Stored data
(* Let $\eta:[0,1]\times[0,1]\to\mathbf R$ be a function such that $\eta(\cdot,s)$ is continuous for every $s\in[0,1]$ and, for every $\varepsilon>0$, $\eta(\cdot,s)$ is Lipschitz on $[\varepsilon,1]$ uniformly in $s\in[0,1]$. Assume also that $\eta(t,\cdot)$ is non-decreasing for every $t\in[0,1]$. Define $$r(t):=\liminf_{h\to0^+}\frac{\eta(t,t)-\eta(t-h,t)}{h}+\liminf_{h\to0^+}\frac{\eta(t,t+h)-\eta(t,t)}{h}$$ and $\delta(t):=\eta(t,t)$. Then $\delta\in L^1(0,1)$ and $D\delta\ge r(t)\,dt$ in the sense of distributions on $(0,1)$. Moreover, $$\delta(1)-\delta(0)\ge\int_0^1r(\xi)\,d\xi.$$
   Context: $D\delta$ denotes the distributional derivative of $\delta$ on $(0,1)$; $D\delta\ge r\,dt$ means $-\int_0^1\delta\,\phi'\,dt\ge\int_0^1 r\,\phi\,dt$ for all non-negative $\phi\in C^\infty_c(0,1)$. *)

theory Defs
  imports "HOL-Analysis.Analysis"
begin

definition test_fun01 :: "(real \<Rightarrow> real) \<Rightarrow> bool" where
  "test_fun01 \<phi> \<longleftrightarrow>
     (\<forall>k::nat. \<forall>x. ((deriv ^^ k) \<phi> has_real_derivative (deriv ^^ (Suc k)) \<phi> x) (at x)) \<and>
     (\<exists>a b. 0 < a \<and> a \<le> b \<and> b < 1 \<and> (\<forall>x. x \<notin> {a..b} \<longrightarrow> \<phi> x = 0))"

definition pos_int :: "real set \<Rightarrow> (real \<Rightarrow> ereal) \<Rightarrow> ennreal" where
  "pos_int S f = (\<integral>\<^sup>+ x\<in>S. e2ennreal (f x) \<partial>lebesgue)"

definition neg_int :: "real set \<Rightarrow> (real \<Rightarrow> ereal) \<Rightarrow> ennreal" where
  "neg_int S f = (\<integral>\<^sup>+ x\<in>S. e2ennreal (- f x) \<partial>lebesgue)"

text \<open>"\<integral>_S f \<le> c" for the extended Lebesgue integral int f_pos - int f_neg, written without
  subtraction: int f_pos <= c + int f_neg. (Vacuous only when the integral is undefined, \<infinity> - \<infinity>.)\<close>
definition ext_integral_le :: "real set \<Rightarrow> (real \<Rightarrow> ereal) \<Rightarrow> real \<Rightarrow> bool" where
  "ext_integral_le S f c \<longleftrightarrow> enn2ereal (pos_int S f) \<le> ereal c + enn2ereal (neg_int S f)"

end

theory Submission
  imports Defs
begin

text \<open>
  For \<open>h > 0\<close> the diagonal quotient \<open>(\<eta> t (t + h) - \<eta> (t - h) t) / h\<close> splits into a
  left quotient in the first variable and a right quotient in the second.  The Lipschitz
  bound and the monotonicity bound them below by \<open>-L\<close> and \<open>0\<close>, so Fatou's lemma gives
  \<open>\<integral> (r + L) w \<le> lim inf \<integral> (quotients + L) w\<close> for every bounded weight \<open>w \<ge> 0\<close> supported in
  a compact subinterval of \<open>(0, 1)\<close>.  Substituting \<open>v = u + h\<close> in \<open>\<integral> \<eta> u (u + h) w u du\<close>
  turns the right-hand side into \<open>lim inf (1/h) \<integral> \<eta> (v - h) v (w (v - h) - w v) dv + L \<integral> w\<close>,
  a discrete form of \<open>- \<integral> \<delta> w' + L \<integral> w\<close>.  For a test function Taylor's formula identifies
  the limit as \<open>- \<integral> \<delta> \<phi>'\<close>; for the indicator of \<open>(a, 1 - a]\<close> it is at most
  \<open>\<delta> 1 - \<delta> 0\<close> up to errors that vanish as \<open>a \<rightarrow> 0\<close>, and monotone convergence gives
  \<open>\<integral> r \<le> \<delta> 1 - \<delta> 0\<close>.  The quotients are upper semicontinuous from the left in \<open>h\<close>, so the
  lower limits defining \<open>r\<close> may be taken over rational \<open>h\<close>, which makes \<open>r\<close> measurable.
\<close>

lemma borel_measurable_lebesgueI:
  fixes f :: "'a::euclidean_space \<Rightarrow> 'b::topological_space"
  shows "f \<in> borel_measurable borel \<Longrightarrow> f \<in> borel_measurable lebesgue"
  by (intro measurable_completion) (simp add: measurable_lborel1)

lemma borel_measurable_mono_up_to_linear:
  fixes g :: "real \<Rightarrow> real"
  assumes S: "S \<in> sets borel"
    and g: "\<And>x y. x \<in> S \<Longrightarrow> y \<in> S \<Longrightarrow> x \<le> y \<Longrightarrow> g x \<le> g y + L * (y - x)"
  shows "(\<lambda>x. if x \<in> S then g x else 0) \<in> borel_measurable borel"
proof -
  have "mono_on S (\<lambda>x. g x + L * x)"
    by (rule mono_onI) (use g in \<open>fastforce simp: algebra_simps\<close>)
  then have "(\<lambda>x. g x + L * x) \<in> borel_measurable (restrict_space borel S)"
    by (rule borel_measurable_mono_on_fnc)
  moreover have "(\<lambda>x. L * x) \<in> borel_measurable (restrict_space borel S)"
    by (intro measurable_restrict_space1) simp
  ultimately have "(\<lambda>x. (g x + L * x) - L * x) \<in> borel_measurable (restrict_space borel S)"
    by (rule borel_measurable_diff)
  then show ?thesis
    using measurable_restrict_space_iff[of S borel 0 borel g] S by simp
qed

lemma integrable_bounded_support:
  fixes f :: "real \<Rightarrow> real"
  assumes "f \<in> borel_measurable lebesgue"
    and "\<And>x. x \<in> {a..b} \<Longrightarrow> \<bar>f x\<bar> \<le> B" and "\<And>x. x \<notin> {a..b} \<Longrightarrow> f x = 0"
  shows "integrable lebesgue f"
  using assms by (intro integrableI_bounded_set[where A="{a..b}" and B=B]) (auto simp: emeasure_lborel_Icc_eq)

lemma mult_le_if_less_divide:
  fixes C h e :: real
  assumes "0 \<le> h" "h < e / (\<bar>C\<bar> + 1)"
  shows "C * h \<le> e"
proof -
  have "C * h \<le> (\<bar>C\<bar> + 1) * h"
    using assms(1) by (intro mult_right_mono) auto
  also have "\<dots> < e"
    using assms(2) by (simp add: pos_less_divide_eq mult.commute)
  finally show ?thesis by simp
qed

lemma borel_measurable_on_01_from_subintervals:
  fixes f :: "real \<Rightarrow> 'b::topological_space"
  assumes f: "\<And>a b. 0 < a \<Longrightarrow> a < b \<Longrightarrow> b < 1 \<Longrightarrow>
      f \<in> borel_measurable (restrict_space lebesgue {a<..<b})"
  shows "f \<in> borel_measurable (restrict_space lebesgue {0<..<1})"
proof (rule measurable_piecewise_restrict[of "range (\<lambda>k::nat. {1/(real k+3)<..<1-1/(real k+3)})"])
  fix \<Omega> assume "\<Omega> \<in> range (\<lambda>k::nat. {1/(real k+3)<..<1-1/(real k+3)})"
  then obtain k :: nat where k: "\<Omega> = {1/(real k+3)<..<1-1/(real k+3)}" by blast
  have ends: "0 < 1/(real k+3)" "1/(real k+3) < 1-1/(real k+3)" "1-1/(real k+3) < 1"
    by (auto simp: field_simps)
  have sub: "\<Omega> \<subseteq> {0<..<1}"
    by (auto simp: k) (use ends in linarith)+
  then show "\<Omega> \<inter> space (restrict_space lebesgue {0<..<1}) \<in> sets (restrict_space lebesgue {0<..<1})"
    by (subst sets_restrict_space_iff) (auto simp: k)
  have "restrict_space (restrict_space lebesgue {0<..<1}) \<Omega> = restrict_space lebesgue \<Omega>"
    using sub by (subst restrict_restrict_space) (auto simp: k Int_absorb1)
  then show "f \<in> borel_measurable (restrict_space (restrict_space lebesgue {0<..<1}) \<Omega>)"
    using f[OF ends] by (simp add: k)
next
  show "space (restrict_space lebesgue {0<..<1}) \<subseteq> \<Union> (range (\<lambda>k::nat. {1/(real k+3)<..<1-1/(real k+3)}))"
  proof
    fix t :: real assume "t \<in> space (restrict_space lebesgue {0<..<1})"
    then have t: "0 < t" "t < 1" by auto
    obtain n :: nat where n: "n > 0" "inverse (real n) < min t (1-t)"
      using ex_inverse_of_nat_less[of "min t (1-t)"] t by auto
    have "1/(real n + 3) \<le> inverse (real n)" using n by (simp add: field_simps)
    then have "t \<in> {1/(real n+3)<..<1-1/(real n+3)}" using n by auto
    then show "t \<in> \<Union> (range (\<lambda>k::nat. {1/(real k+3)<..<1-1/(real k+3)}))" by blast
  qed
qed simp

=== Prompt ===
This task asks for the number of lines above that include the string "blast". Respond with that number only.

=== Answer to the problem ===
2